About this task:
All of the data below is to be returned unaltered.

::::

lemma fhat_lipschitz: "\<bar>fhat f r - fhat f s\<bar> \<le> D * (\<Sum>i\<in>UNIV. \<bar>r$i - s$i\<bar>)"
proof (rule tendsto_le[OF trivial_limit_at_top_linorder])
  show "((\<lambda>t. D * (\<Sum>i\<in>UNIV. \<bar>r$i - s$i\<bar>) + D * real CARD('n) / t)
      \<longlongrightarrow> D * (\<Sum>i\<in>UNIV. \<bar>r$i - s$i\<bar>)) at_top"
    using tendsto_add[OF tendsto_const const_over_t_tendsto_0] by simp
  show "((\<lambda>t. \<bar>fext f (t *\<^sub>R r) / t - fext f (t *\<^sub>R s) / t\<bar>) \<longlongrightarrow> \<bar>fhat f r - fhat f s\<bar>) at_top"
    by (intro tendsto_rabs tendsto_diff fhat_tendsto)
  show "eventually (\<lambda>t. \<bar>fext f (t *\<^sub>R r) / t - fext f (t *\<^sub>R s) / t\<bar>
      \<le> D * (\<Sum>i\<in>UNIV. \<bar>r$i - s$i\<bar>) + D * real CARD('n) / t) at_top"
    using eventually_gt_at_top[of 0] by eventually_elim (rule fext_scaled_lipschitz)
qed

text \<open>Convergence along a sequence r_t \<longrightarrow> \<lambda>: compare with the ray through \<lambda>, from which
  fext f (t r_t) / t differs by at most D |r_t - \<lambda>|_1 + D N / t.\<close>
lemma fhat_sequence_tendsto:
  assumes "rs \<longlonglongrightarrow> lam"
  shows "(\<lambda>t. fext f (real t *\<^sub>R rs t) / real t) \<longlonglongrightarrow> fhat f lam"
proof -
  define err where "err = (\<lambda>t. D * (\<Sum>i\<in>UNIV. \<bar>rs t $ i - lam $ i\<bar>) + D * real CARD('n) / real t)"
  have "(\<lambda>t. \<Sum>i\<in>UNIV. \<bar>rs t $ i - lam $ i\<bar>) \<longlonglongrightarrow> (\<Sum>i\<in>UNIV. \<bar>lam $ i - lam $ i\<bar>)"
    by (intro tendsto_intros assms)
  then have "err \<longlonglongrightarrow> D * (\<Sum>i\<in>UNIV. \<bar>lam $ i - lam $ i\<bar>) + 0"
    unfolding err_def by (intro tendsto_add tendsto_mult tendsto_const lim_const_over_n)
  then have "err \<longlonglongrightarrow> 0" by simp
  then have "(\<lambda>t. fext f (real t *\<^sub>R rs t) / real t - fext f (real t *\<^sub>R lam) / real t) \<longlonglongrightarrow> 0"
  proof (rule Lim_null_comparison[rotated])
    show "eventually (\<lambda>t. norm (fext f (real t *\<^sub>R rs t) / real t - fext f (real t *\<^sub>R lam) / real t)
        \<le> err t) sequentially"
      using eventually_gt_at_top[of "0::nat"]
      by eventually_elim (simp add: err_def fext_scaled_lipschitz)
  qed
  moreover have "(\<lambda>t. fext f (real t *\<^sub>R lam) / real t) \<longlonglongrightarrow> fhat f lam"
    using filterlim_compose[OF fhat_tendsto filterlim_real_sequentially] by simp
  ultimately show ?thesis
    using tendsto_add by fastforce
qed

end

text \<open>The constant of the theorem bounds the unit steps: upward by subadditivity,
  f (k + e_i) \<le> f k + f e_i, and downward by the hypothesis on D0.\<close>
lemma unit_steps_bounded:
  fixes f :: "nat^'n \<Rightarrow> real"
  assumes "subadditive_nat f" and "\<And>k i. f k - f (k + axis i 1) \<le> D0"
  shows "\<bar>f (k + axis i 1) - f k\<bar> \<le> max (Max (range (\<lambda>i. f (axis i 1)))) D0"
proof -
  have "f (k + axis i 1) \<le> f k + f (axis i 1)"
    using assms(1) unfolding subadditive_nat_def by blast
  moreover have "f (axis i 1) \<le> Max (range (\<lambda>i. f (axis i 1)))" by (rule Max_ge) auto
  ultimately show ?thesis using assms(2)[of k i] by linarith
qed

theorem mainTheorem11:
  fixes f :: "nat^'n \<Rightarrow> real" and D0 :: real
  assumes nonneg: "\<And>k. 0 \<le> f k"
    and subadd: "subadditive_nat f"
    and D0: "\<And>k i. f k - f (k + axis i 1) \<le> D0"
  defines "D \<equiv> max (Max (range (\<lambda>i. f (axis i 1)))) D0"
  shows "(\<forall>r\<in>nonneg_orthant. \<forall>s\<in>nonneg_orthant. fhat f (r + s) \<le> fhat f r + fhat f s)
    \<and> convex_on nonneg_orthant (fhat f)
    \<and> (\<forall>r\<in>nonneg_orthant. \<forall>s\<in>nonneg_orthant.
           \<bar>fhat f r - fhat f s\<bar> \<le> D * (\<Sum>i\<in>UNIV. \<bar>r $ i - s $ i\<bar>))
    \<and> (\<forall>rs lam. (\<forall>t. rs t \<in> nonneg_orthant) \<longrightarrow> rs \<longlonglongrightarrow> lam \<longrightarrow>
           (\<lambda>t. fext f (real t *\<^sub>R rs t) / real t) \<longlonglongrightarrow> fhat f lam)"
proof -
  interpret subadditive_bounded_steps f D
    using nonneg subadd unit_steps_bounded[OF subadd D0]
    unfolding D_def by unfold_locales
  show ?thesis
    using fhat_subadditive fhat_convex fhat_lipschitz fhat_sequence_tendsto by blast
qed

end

::::

Solution:
lemma fhat_lipschitz: "\<bar>fhat f r - fhat f s\<bar> \<le> D * (\<Sum>i\<in>UNIV. \<bar>r$i - s$i\<bar>)"
proof (rule tendsto_le[OF trivial_limit_at_top_linorder])
  show "((\<lambda>t. D * (\<Sum>i\<in>UNIV. \<bar>r$i - s$i\<bar>) + D * real CARD('n) / t)
      \<longlongrightarrow> D * (\<Sum>i\<in>UNIV. \<bar>r$i - s$i\<bar>)) at_top"
    using tendsto_add[OF tendsto_const const_over_t_tendsto_0] by simp
  show "((\<lambda>t. \<bar>fext f (t *\<^sub>R r) / t - fext f (t *\<^sub>R s) / t\<bar>) \<longlongrightarrow> \<bar>fhat f r - fhat f s\<bar>) at_top"
    by (intro tendsto_rabs tendsto_diff fhat_tendsto)
  show "eventually (\<lambda>t. \<bar>fext f (t *\<^sub>R r) / t - fext f (t *\<^sub>R s) / t\<bar>
      \<le> D * (\<Sum>i\<in>UNIV. \<bar>r$i - s$i\<bar>) + D * real CARD('n) / t) at_top"
    using eventually_gt_at_top[of 0] by eventually_elim (rule fext_scaled_lipschitz)
qed

text \<open>Convergence along a sequence r_t \<longrightarrow> \<lambda>: compare with the ray through \<lambda>, from which
  fext f (t r_t) / t differs by at most D |r_t - \<lambda>|_1 + D N / t.\<close>
lemma fhat_sequence_tendsto:
  assumes "rs \<longlonglongrightarrow> lam"
  shows "(\<lambda>t. fext f (real t *\<^sub>R rs t) / real t) \<longlonglongrightarrow> fhat f lam"
proof -
  define err where "err = (\<lambda>t. D * (\<Sum>i\<in>UNIV. \<bar>rs t $ i - lam $ i\<bar>) + D * real CARD('n) / real t)"
  have "(\<lambda>t. \<Sum>i\<in>UNIV. \<bar>rs t $ i - lam $ i\<bar>) \<longlonglongrightarrow> (\<Sum>i\<in>UNIV. \<bar>lam $ i - lam $ i\<bar>)"
    by (intro tendsto_intros assms)
  then have "err \<longlonglongrightarrow> D * (\<Sum>i\<in>UNIV. \<bar>lam $ i - lam $ i\<bar>) + 0"
    unfolding err_def by (intro tendsto_add tendsto_mult tendsto_const lim_const_over_n)
  then have "err \<longlonglongrightarrow> 0" by simp
  then have "(\<lambda>t. fext f (real t *\<^sub>R rs t) / real t - fext f (real t *\<^sub>R lam) / real t) \<longlonglongrightarrow> 0"
  proof (rule Lim_null_comparison[rotated])
    show "eventually (\<lambda>t. norm (fext f (real t *\<^sub>R rs t) / real t - fext f (real t *\<^sub>R lam) / real t)
        \<le> err t) sequentially"
      using eventually_gt_at_top[of "0::nat"]
      by eventually_elim (simp add: err_def fext_scaled_lipschitz)
  qed
  moreover have "(\<lambda>t. fext f (real t *\<^sub>R lam) / real t) \<longlonglongrightarrow> fhat f lam"
    using filterlim_compose[OF fhat_tendsto filterlim_real_sequentially] by simp
  ultimately show ?thesis
    using tendsto_add by fastforce
qed

end

text \<open>The constant of the theorem bounds the unit steps: upward by subadditivity,
  f (k + e_i) \<le> f k + f e_i, and downward by the hypothesis on D0.\<close>
lemma unit_steps_bounded:
  fixes f :: "nat^'n \<Rightarrow> real"
  assumes "subadditive_nat f" and "\<And>k i. f k - f (k + axis i 1) \<le> D0"
  shows "\<bar>f (k + axis i 1) - f k\<bar> \<le> max (Max (range (\<lambda>i. f (axis i 1)))) D0"
proof -
  have "f (k + axis i 1) \<le> f k + f (axis i 1)"
    using assms(1) unfolding subadditive_nat_def by blast
  moreover have "f (axis i 1) \<le> Max (range (\<lambda>i. f (axis i 1)))" by (rule Max_ge) auto
  ultimately show ?thesis using assms(2)[of k i] by linarith
qed

theorem mainTheorem11:
  fixes f :: "nat^'n \<Rightarrow> real" and D0 :: real
  assumes nonneg: "\<And>k. 0 \<le> f k"
    and subadd: "subadditive_nat f"
    and D0: "\<And>k i. f k - f (k + axis i 1) \<le> D0"
  defines "D \<equiv> max (Max (range (\<lambda>i. f (axis i 1)))) D0"
  shows "(\<forall>r\<in>nonneg_orthant. \<forall>s\<in>nonneg_orthant. fhat f (r + s) \<le> fhat f r + fhat f s)
    \<and> convex_on nonneg_orthant (fhat f)
    \<and> (\<forall>r\<in>nonneg_orthant. \<forall>s\<in>nonneg_orthant.
           \<bar>fhat f r - fhat f s\<bar> \<le> D * (\<Sum>i\<in>UNIV. \<bar>r $ i - s $ i\<bar>))
    \<and> (\<forall>rs lam. (\<forall>t. rs t \<in> nonneg_orthant) \<longrightarrow> rs \<longlonglongrightarrow> lam \<longrightarrow>
           (\<lambda>t. fext f (real t *\<^sub>R rs t) / real t) \<longlonglongrightarrow> fhat f lam)"
proof -
  interpret subadditive_bounded_steps f D
    using nonneg subadd unit_steps_bounded[OF subadd D0]
    unfolding D_def by unfold_locales
  show ?thesis
    using fhat_subadditive fhat_convex fhat_lipschitz fhat_sequence_tendsto by blast
qed

end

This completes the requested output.